DOLAR
EURO
STERLIN
FRANG
ALTIN
BITCOIN

İbrahim Kaboğlu, İstanbul Baro Başkanlığı için adaylığını duyurdu

Yaklaşan İstanbul Barosu seçimleri için hukukçular, adaylıklarını ilan etmeye başladı. Eski CHP İstanbul Milletvekili, anayasa hukukçusu Prof. Dr. İbrahim Özden Kaboğlu için de “Değişim İsteyen Avukatlar” ismi altında ortak bir bildiri yayınlanmıştı …

Yayınlanma Tarihi :
İbrahim Kaboğlu, İstanbul Baro Başkanlığı için adaylığını duyurdu

Yaklaşan İstanbul Barosu seçimleri için hukukçular, adaylıklarını ilan etmeye başladı. Eski CHP İstanbul Milletvekili, anayasa hukukçusu Prof. Dr. İbrahim Özden Kaboğlu için de “Değişim İsteyen Avukatlar” ismi altında ortak bir bildiri yayınlanmıştı.

Bini aşkın avukatın imzasıyla Kaboğlu’na İstanbul Barosu Lider adaylığı daveti yapılmıştı.

Kaboğlu, İstanbul Barosu’nda basın toplantısı düzenledi. “Son kırılma, 2017 kırılmasıdır ve reddi mirastır. Tahminen de buradaki birlikteliğimizi manalı kılan bu 2017 reddi mirasıdır” diyen Kaboğlu, kelamlarını şöyle sürdürdü:

“Anayasa; ulusallık, 150-200 yıllık kazanımların yadsımasıdır. Bakanların bir parti için oy dilenmesi ülkeyi görünmedik eşiğe getirmiştir. AYM’ye erişim engellenmesi üzere bağımsız ve özerk kurumlar sarayın hizmetine sunulmuş bulunuyor. Bütün bunların sonucu sistematik olarak anayasasızlaştırmayı oluşturmaktadır. Anayasanın 2’nci unsuru gözüyle bu periyodu, Fetret periyodu olarak nitelendiriyorum. Bu periyotta barolar, devletin egemenlik yetki alanında her vakit savunma vazifesi yapan kuruluşlardır. Coğrafya sonu yoktur” tabirlerini kullandı.

“ANAYASANIN İHLALİNDEN BİRİNCİ ETKİLENEN BAROLAR”

Avukatların, bütün anayasa unsurlarını savunmak zorunda olduğuna vurgu yapan Kaboğlu, “Barolar, savunma çerçevesine indirgenemeyecek biçimde kıymetli kuruluşlardır. Anayasa sistematik olarak ihlal ediliyorsa birinci etkilenen kuruluşlar barolardır. Demokratik hukuk devleti ile barolar özdeşleşir. İstanbul Barosu, başka barolardan biridir lakin tıpkı vakitte Türkiye barosudur. Baroları ilga edemediler ancak İstanbul Barosu’nu bölmeyi başardılar. İstanbul, Ankara ve İzmir üzere barolar bölünme parçalanma konusunda farklı pozisyondadırlar. Baroları geliştirmek avukat örgütlerini güçlendirmek savunmayı bütünlüklü düzeye getirmek ve esasen adil yargılanma özneleri olarak son derece önemlidir” dedi.

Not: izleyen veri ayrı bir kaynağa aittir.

lemma conv_B_apply_comp_s0: assumes n: "1 \<le> n" and v: "v \<in> D n"
  shows "conv (B n) a b (v \<circ> s0) = (\<Sum>x\<in>D n. \<Sum>y\<in>D n.
      (if x \<circ> y = v then a x * b (y \<circ> s0) else 0)
    + (if x \<circ> (s0 \<circ> y \<circ> s0) = v then a (x \<circ> s0) * b y else 0))"
  unfolding conv_B_apply[OF n]
  by (intro sum.cong refl) (use D_comp_parity[OF n] v in \<open>auto simp: o_assoc eq_comp_s0_iff\<close>)

lemma chi_lin_conv:
  assumes n: "1 \<le> n" and inv: "\<And>y. y \<in> D n \<Longrightarrow> chi_lin n b (s0 \<circ> y \<circ> s0) = chi_lin n b y"
  shows "chi_lin n (conv (B n) a b) = conv (D n) (chi_lin n a) (chi_lin n b)"
proof
  fix v
  show "chi_lin n (conv (B n) a b) v = conv (D n) (chi_lin n a) (chi_lin n b) v"
  proof (cases "v \<in> D n")
    case False
    then have "x \<circ> y \<noteq> v" if "x \<in> D n" "y \<in> D n" for x y
      using that comp_in_D_iff D_imp_B by blast
    then show ?thesis
      using False by (simp add: chi_lin_apply[OF n] conv_def)
  next
    case True
    have conj: "(\<Sum>y\<in>D n. if x \<circ> (s0 \<circ> y \<circ> s0) = v then a (x \<circ> s0) * chi_lin n b y else 0)
      = (\<Sum>y\<in>D n. if x \<circ> y = v then a (x \<circ> s0) * chi_lin n b y else 0)" for x
    proof -
      have "(\<Sum>y\<in>D n. if x \<circ> (s0 \<circ> y \<circ> s0) = v then a (x \<circ> s0) * chi_lin n b y else 0)
        = (\<Sum>y\<in>D n. if x \<circ> (s0 \<circ> y \<circ> s0) = v then a (x \<circ> s0) * chi_lin n b (s0 \<circ> y \<circ> s0) else 0)"
        by (intro sum.cong refl) (simp add: inv)
      then show ?thesis
        using sum_D_s0_conj[OF n, of "\<lambda>y. if x \<circ> y = v then a (x \<circ> s0) * chi_lin n b y else 0"]
        by simp
    qed
    have "chi_lin n (conv (B n) a b) v = conv (B n) a b v + conv (B n) a b (v \<circ> s0)"
      using True by (simp add: chi_lin_apply[OF n])
    also have "\<dots> = (\<Sum>x\<in>D n. \<Sum>y\<in>D n. if x \<circ> y = v then a x * chi_lin n b y else 0)
      + (\<Sum>x\<in>D n. \<Sum>y\<in>D n. if x \<circ> (s0 \<circ> y \<circ> s0) = v then a (x \<circ> s0) * chi_lin n b y else 0)"
      unfolding conv_B_apply_D[OF n True] conv_B_apply_comp_s0[OF n True] sum.distrib[symmetric]
      by (intro sum.cong refl) (simp add: chi_lin_apply[OF n] algebra_simps)
    also have "\<dots> = (\<Sum>x\<in>D n. \<Sum>y\<in>D n. if x \<circ> y = v then a x * chi_lin n b y else 0)
      + (\<Sum>x\<in>D n. \<Sum>y\<in>D n. if x \<circ> y = v then a (x \<circ> s0) * chi_lin n b y else 0)"
      by (simp only: conj)
    also have "\<dots> = conv (D n) (chi_lin n a) (chi_lin n b) v"
      unfolding conv_def sum.distrib[symmetric]
      by (intro sum.cong refl) (simp add: chi_lin_apply[OF n] algebra_simps)
    finally show ?thesis .
  qed
qed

“HEP BİRLİKTE YOLA ÇIKALIM”

“Peki benim yerim nedir? Ben İbrahim Kaboğlu olarak Anayasa avukatlığı yapma bahtı buldum” diyen Kaboğlu, savunma mesleğini nitelikli yapabilmek için nitelikli savcıların ve yargıçların var olmasına dikkati çekerek “Sonuç olarak biz avukatlar, biz İstanbul Barosu mensupları, biz Türkiye’nin anayasasızlaştırma süreciyle bir toplumun geleceğinin karartılmasına seyirci kalamayız. Biz İstanbul Barosu avukatları, tüm avukatlara seslenerek yıkıma seyirci kalamayız. Bu nedenle anayasanın koruyucuları olarak Fetret devrine son vermek için daima birlikte yola çıkalım diyorum” diye kelamlarını tamamladı.